梦帘也跟着应和道:“那是!想和吕妾媵斗,她还太嫩了点儿。这回啊,就等着看着她们演一场狗咬狗的戏吧。”
“赵妾媵那个死女人,竟还敢在我面前耍花样。既然如此,那我就成全她,就让萧容去把她给解决掉。不过那个时候的萧容,恐怕也已经是个残废了吧。”吕妾媵笑着,眼中渐渐露出阴狠,“那刺绣上沾满了毒粉,只需一天,她的手就会发红,溃烂。到最后,就会变得跟那野兽蹄子一样了!”
吕妾媵得意地笑着,却不料萧容正在钟翠阁中处理着那刺绣。
“巧如,把这刺绣和香粉盒都一并烧了吧。”萧容一面清洗着手,一面说,虽说她和巧如都没有碰到盒子中的香粉和鸳鸯锦,但是下毒手法千奇百怪,为了以防万一,萧容还是小心翼翼地清洗了手。
想着,她又对巧如说道:“待会记得过来泡一泡手,还有,这件事千万不要声张。”
巧如会意地点了点头。
萧容拿出崭新的锦缎,开始重新绣。一旁的巧如看着心疼,上前道:“萧媵侍你就歇歇吧,这些天一直不停地绣,这样伤眼睛的。”
萧容浅浅一笑,道:“没事儿。”
说罢,她又低头开始下针。可突然间,一种异样的感觉传来,萧容全身跟着颤了一下,她匆匆放下手中的针线,跑向屋外。
却只见到款款而来的夏如璎。
可方才她明明感觉到了,这房间外有一双眼睛,这感觉绝不会错的,而且这绝不是很久前一直徘徊着的那双眼。

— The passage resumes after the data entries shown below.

lemma no_nonneg_supersolution_schur_step:
  assumes Q: "Q \<in> carrier_mat n n" and k: "k < n" and cl: "cleared_upto k Q"
    and mz: "metzler Q" and q: "Q $$ (k,k) < 0" and ns: "no_nonneg_supersolution Q"
  shows "no_nonneg_supersolution (schur_step Q k)"
  unfolding no_nonneg_supersolution_def
proof (intro ballI impI)
  let ?S = "schur_step Q k"
  have S: "?S \<in> carrier_mat n n"
    using Q by (simp add: schur_step_def)
  fix v assume "v \<in> carrier_vec (dim_col ?S)" and "\<forall>j<dim_col ?S. 0 \<le> v $ j"
    and "\<forall>i<dim_row ?S. 0 \<le> (?S *\<^sub>v v) $ i"
  then have v: "v \<in> carrier_vec n" and v_nonneg: "\<And>j. j < n \<Longrightarrow> 0 \<le> v $ j"
    and Sv_nonneg: "\<And>i. i < n \<Longrightarrow> 0 \<le> (?S *\<^sub>v v) $ i"
    using S by auto
  have v_low: "v $ i = 0" if "i \<le> k" for i
  proof -
    have "(?S *\<^sub>v v) $ i = - v $ i"
      using that k Q v by (intro mult_mat_vec_minus_unit_row[OF S]) (auto simp: schur_step_def)
    then show ?thesis
      using Sv_nonneg[of i] v_nonneg[of i] that k by simp
  qed
  obtain t where t: "0 \<le> t" and Qw: "\<And>i. i < n \<Longrightarrow> 0 \<le> (Q *\<^sub>v (v + t \<cdot>\<^sub>v unit_vec n k)) $ i"
    using schur_step_supersolution_lift[OF Q k cl mz q v v_nonneg v_low] Sv_nonneg by blast
  have w: "v + t \<cdot>\<^sub>v unit_vec n k = 0\<^sub>v n"
    using v k t v_nonneg Qw by (intro no_nonneg_supersolutionD[OF ns Q]) auto
  have "v $ j = 0" if "j < n" for j
  proof (cases "j = k")
    case False
    then have "v $ j = (v + t \<cdot>\<^sub>v unit_vec n k) $ j"
      using that k v by simp
    then show ?thesis
      using w that by simp
  qed (simp add: v_low)
  then show "v = 0\<^sub>v (dim_col ?S)"
    using v S by (intro eq_vecI) auto
qed

text \<open>Scaling by \<open>1 / sqrt (- Q $$ (k,k))\<close> on both sides normalises the pivot to \<open>-1\<close>,
  so that for symmetric \<open>Q\<close> the right factor is the transpose of the left one.\<close>

definition elim_factor :: "real mat \<Rightarrow> nat \<Rightarrow> real mat" where
  "elim_factor Q k = mat (dim_row Q) (dim_row Q) (\<lambda>(i,l).
     if i = l then (if i = k then 1 / sqrt (- Q $$ (k,k)) else 1)
     else if l = k \<and> k < i then - Q $$ (i,k) / Q $$ (k,k) else 0)"

lemma index_elim_factor_mult:
  assumes "Q \<in> carrier_mat n n" "N \<in> carrier_mat n m" "k < n" "i < n" "j < m"
  shows "(elim_factor Q k * N) $$ (i,j) =
    (if i = k then N $$ (k,j) / sqrt (- Q $$ (k,k)) else N $$ (i,j))
    - (if k < i then Q $$ (i,k) / Q $$ (k,k) * N $$ (k,j) else 0)"
proof -
  have "(elim_factor Q k * N) $$ (i,j) = (\<Sum>l\<in>{0..<n}. elim_factor Q k $$ (i,l) * N $$ (l,j))"
    using assms by (simp add: elim_factor_def scalar_prod_def)
  also have "\<dots> = (\<Sum>l\<in>{0..<n}.
      (if l = i then (if i = k then 1 / sqrt (- Q $$ (k,k)) else 1) * N $$ (l,j) else 0)
      + (if l = k then (if k < i then - Q $$ (i,k) / Q $$ (k,k) * N $$ (l,j) else 0) else 0))"
    using assms by (intro sum.cong) (auto simp: elim_factor_def)
  also have "\<dots> = (if i = k then N $$ (k,j) / sqrt (- Q $$ (k,k)) else N $$ (i,j))
    - (if k < i then Q $$ (i,k) / Q $$ (k,k) * N $$ (k,j) else 0)"
    using assms by (simp add: sum.distrib)
  finally show ?thesis .
qed

lemma elim_factor_nonneg_lower_tri:
  assumes Q: "Q \<in> carrier_mat n n" and "metzler Q" "k < n" "Q $$ (k,k) < 0"
  shows "nonneg_lower_tri n (elim_factor Q k)"
proof -
  have L: "elim_factor Q k \<in> carrier_mat n n" and lt: "lower_triangular (elim_factor Q k)"
    using Q by (auto simp: elim_factor_def lower_triangular_def)
  moreover have "nonneg_mat (elim_factor Q k)"
    using assms by (auto simp: elim_factor_def nonneg_mat_def metzler_def intro!: divide_nonneg_neg)
  moreover have "0 < det (elim_factor Q k)"
    using assms by (intro det_lower_triangular_pos[OF L lt]) (auto simp: elim_factor_def)
  ultimately show ?thesis
    by (simp add: nonneg_lower_tri_def)
qed

lemma elim_factor_schur_step:
  assumes Q: "Q \<in> carrier_mat n n" and k: "k < n" and cl: "cleared_upto k Q"
    and q: "Q $$ (k,k) < 0"
  shows "elim_factor Q k * Q * (elim_factor Q\<^sup>T k)\<^sup>T = schur_step Q k"
proof -
  define L where "L = elim_factor Q k"
  define R where "R = elim_factor Q\<^sup>T k"
  have L: "L \<in> carrier_mat n n" and R: "R \<in> carrier_mat n n" and LQ: "L * Q \<in> carrier_mat n n"
    using Q by (auto simp: L_def R_def elim_factor_def)
  have "L * Q * R\<^sup>T = (R * (L * Q)\<^sup>T)\<^sup>T"
    using transpose_mult[OF R, of "(L * Q)\<^sup>T" n] LQ by simp
  also have "\<dots> = schur_step Q k"
  proof (rule eq_matI)
    have root: "sqrt (- Q $$ (k,k)) * sqrt (- Q $$ (k,k)) = - Q $$ (k,k)"
      using q by simp
    fix i j assume "i < dim_row (schur_step Q k)" "j < dim_col (schur_step Q k)"
    then have i: "i < n" and j: "j < n"
      using Q by (auto simp: schur_step_def)
    have LQ_ij: "(L * Q) $$ (i',j') = (if i' = k then Q $$ (k,j') / sqrt (- Q $$ (k,k)) else Q $$ (i',j'))
        - (if k < i' then Q $$ (i',k) / Q $$ (k,k) * Q $$ (k,j') else 0)" if "i' < n" "j' < n" for i' j'
      unfolding L_def using index_elim_factor_mult[OF Q Q k that] .
    have "(R * (L * Q)\<^sup>T)\<^sup>T $$ (i,j) = (R * (L * Q)\<^sup>T) $$ (j,i)"
      using L Q R i j by (simp del: index_mult_mat(1))
    also have "\<dots> = (if j = k then (L * Q) $$ (i,k) / sqrt (- Q $$ (k,k)) else (L * Q) $$ (i,j))
        - (if k < j then Q $$ (k,j) / Q $$ (k,k) * (L * Q) $$ (i,k) else 0)"
      unfolding R_def using index_elim_factor_mult[of "Q\<^sup>T" n "(L * Q)\<^sup>T" n k j i] Q L LQ k i j
      by (simp del: index_mult_mat(1))
    also have "\<dots> = schur_step Q k $$ (i,j)"
      using i j k q root cl Q unfolding LQ_ij[OF i j] LQ_ij[OF i k]
      by (cases i k rule: linorder_cases; cases j k rule: linorder_cases)
        (auto simp: schur_step_def cleared_upto_def field_simps)
    finally show "(R * (L * Q)\<^sup>T)\<^sup>T $$ (i,j) = schur_step Q k $$ (i,j)" .
  qed (use Q L R in \<open>auto simp: schur_step_def\<close>)
  finally show ?thesis
    by (simp add: L_def R_def)
qed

萧容心下一怔,莫非又是公子胜?他还是没有善罢甘休吗?
“怎么了?”夏如璎走过来,微沉着脸问道。
萧容夸张地干笑两声,摇了摇头,“没什么,就是感觉到好像夏姐姐你过来了。”
夏如璎不理会她这嬉皮笑脸的模样,自袖中取出一个小锦盒,“我也不知道这个有没有效果,总之你涂一点吧。这是芦荟凝乳,是用草本芦荟制成的,对一般的毒物都挺有效。”
萧容接过来,很好奇地打量着这所谓的芦荟凝乳。
“以前我娘亲被一只小蜈蚣给咬伤了,当时父亲四处求医,才得了这芦荟凝乳。以前我只知道芦荟性寒,有消肿解毒之效,却不曾想,连蜈蚣的毒它都能解。”夏如璎说着,然后拉着萧容坐下来,仔仔细细地为她涂着手。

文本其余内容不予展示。